The book is a MEAP edition, which means it contains less than the full content. In this case, it means the book contains just a few chapters, good for 176 pages. The table of contents promises about a dozen more chapters and a few more appendices, so there is potential this could be a big book when it's done. But time will tell how those final chapters take shape, the ones that are present are rich enough that a little consolidation wouldn't be surprising.

The first chapter introduces the basics of Hadoop, and includes some excellent diagrams. Pictures can often bring clarity that words don't, and I really like to see plain and simple pictures to help me grasp the big picture. This book does well in this regard. Besides the overview, we get a quick glimpse of related and complimentary technologies, restrictions of using Hadoop and alternatives to using Hadoop. Versions of Hadoop are covered in two dimensions: the various distributions, and what's contained in forward-looking iterations. The chapter wraps up with a brief section on installing and configuring Hadoop for a first run.
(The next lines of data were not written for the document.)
(* Fix a positive integer $p$. For $n=pf$ let $A_{f\text{-APD},\mathrm{MU},2,n}$ denote the maximum size of a binary code $\mathcal{C}\subseteq\{0,1\}^n$ that is both MU and $f$-APD. Then there exists a constant $c_3>0$ (depending only on $p$) such that for all sufficiently large even $f$, with $n=pf$, \[ c_3\frac{2^n}{n}\le A_{f\text{-APD},\mathrm{MU},2,n}\le\frac{2^n}{n}. \]
   Context: For $\mathbf{a}=(a_1,\dots,a_n)$ write $\mathbf{a}_i^j=(a_i,\dots,a_j)$ if $i\le j$ and $(a_i,a_{i-1},\dots,a_j)$ if $i>j$; $\bar{\mathbf{a}}$ is the bitwise complement. A code $\mathcal{C}\subseteq\{0,1\}^n$ is MU if for all not necessarily distinct $\mathbf{a},\mathbf{b}\in\mathcal{C}$ and all $1\le l<n$, $\mathbf{a}_1^l\ne\mathbf{b}_{n-l+1}^n$. It is $f$-APD if for all not necessarily distinct $\mathbf{a},\mathbf{b}\in\mathcal{C}$ and all $1\le i,j\le n+1-f$, $\bar{\mathbf{a}}_i^{f+i-1}\ne\mathbf{b}_j^{f+j-1}$ and $\bar{\mathbf{a}}_i^{f+i-1}\ne\mathbf{b}_{f+j-1}^{j}$. *)

theory Defs
  imports Complex_Main
begin

text \<open>Binary words of length n are boolean lists of length n; position k (1-indexed)
  of a word a is a ! (k-1).\<close>

definition words :: "nat \<Rightarrow> bool list set" where
  "words n = {xs. length xs = n}"

text \<open>The substring a_i^{i+f-1} (1-indexed, length f, starting at position i).\<close>
definition subw :: "bool list \<Rightarrow> nat \<Rightarrow> nat \<Rightarrow> bool list" where
  "subw a i f = take f (drop (i - 1) a)"

definition compl_w :: "bool list \<Rightarrow> bool list" where
  "compl_w a = map Not a"

definition MU :: "nat \<Rightarrow> bool list set \<Rightarrow> bool" where
  "MU n C \<longleftrightarrow> (\<forall>a\<in>C. \<forall>b\<in>C. \<forall>l. 1 \<le> l \<and> l < n \<longrightarrow> take l a \<noteq> drop (n - l) b)"

definition APD :: "nat \<Rightarrow> nat \<Rightarrow> bool list set \<Rightarrow> bool" where
  "APD f n C \<longleftrightarrow> (\<forall>a\<in>C. \<forall>b\<in>C. \<forall>i j. 1 \<le> i \<and> i \<le> n + 1 - f \<and> 1 \<le> j \<and> j \<le> n + 1 - f \<longrightarrow>
      compl_w (subw a i f) \<noteq> subw b j f \<and> compl_w (subw a i f) \<noteq> rev (subw b j f))"

definition A_APD_MU :: "nat \<Rightarrow> nat \<Rightarrow> nat" where
  "A_APD_MU f n = Max {card C | C. C \<subseteq> words n \<and> MU n C \<and> APD f n C}"

end

(*
  Upper bound: if a codeword of an MU code C of length n were a proper rotation of
  another, a proper prefix of one would be a suffix of the other.  Hence the n rotations
  of the codewords are pairwise distinct words and n |C| <= 2^n.

  Lower bound: fix k with 8n <= 2^k <= 16n and take the codewords 1^k 0 B_1 ... B_m T,
  where the blocks B_i (of length g, about f/3) and the tail T end in 0, avoid 1^k and
  contain 0^(k+1).  The marker 1^k occurs only at the front and every codeword ends in 0,
  so the code is MU.  No codeword contains 1^(k+1), whereas every window of length f
  contains a whole block, hence 0^(k+1), so the complement of a window is never a window
  read in either direction.  Blocks are counted through the words 0 u 0 1 0^(k+1) v 0 in
  which the displayed 1 0^(k+1) is the first occurrence; summing over its position shows
  that a fraction at least 1/(8192 p) of all words of length L are blocks, and since
  m + 1 <= 4p the code has at least 2^n / (32 n (8192 p)^(4p)) words.
*)

theory Submission
  imports Defs "HOL-Library.Sublist" "HOL-Library.Discrete_Functions"
begin

lemma finite_words [simp]: "finite (words n)"
  using finite_lists_length_eq[of "UNIV :: bool set" n] by (simp add: words_def)

lemma card_words: "card (words n) = 2 ^ n"
  using card_lists_length_eq[of "UNIV :: bool set" n] by (simp add: words_def)

section \<open>Rotations of the codewords of an MU code\<close>

lemma MU_prefix_neq_suffix:
  "MU n C \<Longrightarrow> a \<in> C \<Longrightarrow> b \<in> C \<Longrightarrow> 0 < l \<Longrightarrow> l < n \<Longrightarrow>
    take l a \<noteq> drop (n - l) b"
  unfolding MU_def by auto

lemma MU_rotate_notin:
  assumes "MU n C" "a \<in> C" "b \<in> C" "length b = n" "0 < d" "d < n"
  shows "rotate d b \<noteq> a"
proof
  assume "rotate d b = a"
  then have "take (n - d) a = drop d b"
    using assms(4-6) by (auto simp: rotate_drop_take)
  moreover have "take (n - d) a \<noteq> drop (n - (n - d)) b"
    using assms(5,6) by (intro MU_prefix_neq_suffix[OF assms(1-3)]) auto
  ultimately show False
    using assms(6) by simp
qed

lemma MU_inj_on_rotations:
  assumes "MU n C" "C \<subseteq> words n"
  shows "inj_on (\<lambda>(c, r). rotate r c) (C \<times> {..<n})"
proof -
  have key: "c = c' \<and> r = r'"
    if "c \<in> C" "c' \<in> C" "r \<le> r'" "r' < n" "rotate r c = rotate r' c'" for c c' r r'
  proof -
    have len: "length c = n" "length c' = n"
      using that(1,2) assms(2) by (auto simp: words_def)
    have "c = rotate (n - r) (rotate r c)"
      using len that(3,4) by (simp add: rotate_rotate)
    also have "\<dots> = rotate (n - r + r') c'"
      using that(5) by (simp add: rotate_rotate)
    also have "\<dots> = rotate (r' - r) c'"
    proof -
      have "(n - r + r') mod n = r' - r"
        using that(3,4) by (simp add: mod_if)
      then show ?thesis
        using len by (metis rotate_conv_mod)
    qed
    finally have c: "c = rotate (r' - r) c'" .
    have "r' - r = 0"
      using MU_rotate_notin[OF assms(1) that(1,2) len(2), of "r' - r"] c that(4)
      by (metis diff_le_self le_less_trans neq0_conv)
    then show ?thesis
      using c that(3) by simp
  qed
  show ?thesis
  proof (rule inj_onI)
    fix x y
    assume "x \<in> C \<times> {..<n}" "y \<in> C \<times> {..<n}"
      "(\<lambda>(c, r). rotate r c) x = (\<lambda>(c, r). rotate r c) y"
    moreover obtain c r c' r' where "x = (c, r)" "y = (c', r')"
      by fastforce
    ultimately show "x = y"
      using key[of c c' r r'] key[of c' c r' r] by (cases "r \<le> r'") auto
  qed
qed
The next chapter we're given is chapter 3, it covers data serialization tools and techniques. More good pictures are found in this chapter, as are explanations of how you can use Hadoop to process XML, JSON, Google's ProtocolBuffers, and Facebook's Thrift. Each of these gets their own section, explaining how you might use them. There are plenty of references to Elephant Bird, an open source project maintained by Twitter. You also learn how to handle custom file formats if you need them.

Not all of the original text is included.